How do male divers' speedos stay on?  Seriously, that fabric must have some nontrivial adhesive power.  I want some diagrams about forces.  With little arrows indicating direction of flow and whatnot.  A casual online search reveals many people wondering the same thing, but no one seems to have a good answer.  Someone on Yahoo answers, always a source of fascinating misinformation, is confused that anyone would even ask this because obviously they do stay on.  Way to stifle a spirit of inquiry, yo.  Can some diving physicist draw or find me a diagram?  Please?

Why are not more people proud of the women from Egypt and Saudi Arabia and Qatar who are at the Olympic games?  Particularly the rhythmic gymnast from Egypt, her coaches might be in headscarves, but she performs in sequins, as she should*.  Good for her.
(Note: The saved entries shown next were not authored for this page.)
lemma le_powr_of_deriv_bound_tendsto_0:
  fixes u u' :: "real \<Rightarrow> real"
  assumes u: "\<And>r. r \<ge> R \<Longrightarrow> (u has_real_derivative u' r) (at r)"
    and u'_bound: "\<And>r. r \<ge> R \<Longrightarrow> \<bar>u' r\<bar> \<le> B * r powr (t - 1)"
    and "t < 0" "0 < R" and lim: "(u \<longlongrightarrow> 0) at_top" and "R \<le> r"
  shows "u r \<le> B / (- t) * r powr t"
proof -
  define g where "g x = u x - B / (- t) * x powr t" for x
  have g_mono: "g r \<le> g x" if "r \<le> x" for x
  proof (rule deriv_nonneg_imp_mono[where g = g and a = r and b = x
        and g' = "\<lambda>x. u' x + B * x powr (t - 1)"])
    fix y assume "y \<in> {r..x}"
    then have y: "0 < y" "R \<le> y" using \<open>R \<le> r\<close> \<open>0 < R\<close> by auto
    have "(g has_real_derivative u' y - B / (- t) * (t * y powr (t - 1))) (at y)"
      unfolding g_def by (intro DERIV_diff u y DERIV_cmult has_real_derivative_powr)
    moreover have "u' y - B / (- t) * (t * y powr (t - 1)) = u' y + B * y powr (t - 1)"
      using \<open>t < 0\<close> by (simp add: field_simps)
    ultimately show "(g has_real_derivative u' y + B * y powr (t - 1)) (at y)" by simp
    show "0 \<le> u' y + B * y powr (t - 1)" using u'_bound[OF y(2)] by linarith
  qed (use that in auto)
  have "((\<lambda>x. x powr t) \<longlongrightarrow> 0) at_top"
    using \<open>t < 0\<close> by (intro tendsto_neg_powr filterlim_ident) auto
  then have "(g \<longlongrightarrow> 0 - B / (- t) * 0) at_top"
    unfolding g_def by (intro tendsto_intros lim)
  then have "g r \<le> 0"
    by (intro tendsto_le[OF trivial_limit_at_top_linorder _ tendsto_const])
       (auto simp: eventually_at_top_linorder intro!: exI[of _ r] g_mono)
  then show ?thesis unfolding g_def by simp
qed

lemma le_powr_inverse_of_power_le:
  fixes x X :: real
  assumes "0 < k" "0 \<le> x" "x ^ k \<le> X"
  shows "x \<le> X powr (1 / real k)"
proof (cases "x = 0")
  case False
  then have "x = (x ^ k) powr (1 / real k)"
    using assms by (simp add: powr_realpow[symmetric] powr_powr)
  also have "\<dots> \<le> X powr (1 / real k)"
    using assms False by (intro powr_mono2) auto
  finally show ?thesis .
qed simp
Why are some sports unnecessarily segregated by gender?  For example, does it really matter whether you're a man or a woman for shooting?  These events used to be mixed.  They didn't stop being mixed until, according to this nice thing on about.com, the 1996 games.  A woman won a gold medal in 1992.  After that, women started getting separate lady gold medals.  Asking this question of google leads on first hit to a forum which seems to be a hive of internet sexism.  Such sites make me emotional, because ladybits.

*I actually think all athletes should wear sequins where feasible.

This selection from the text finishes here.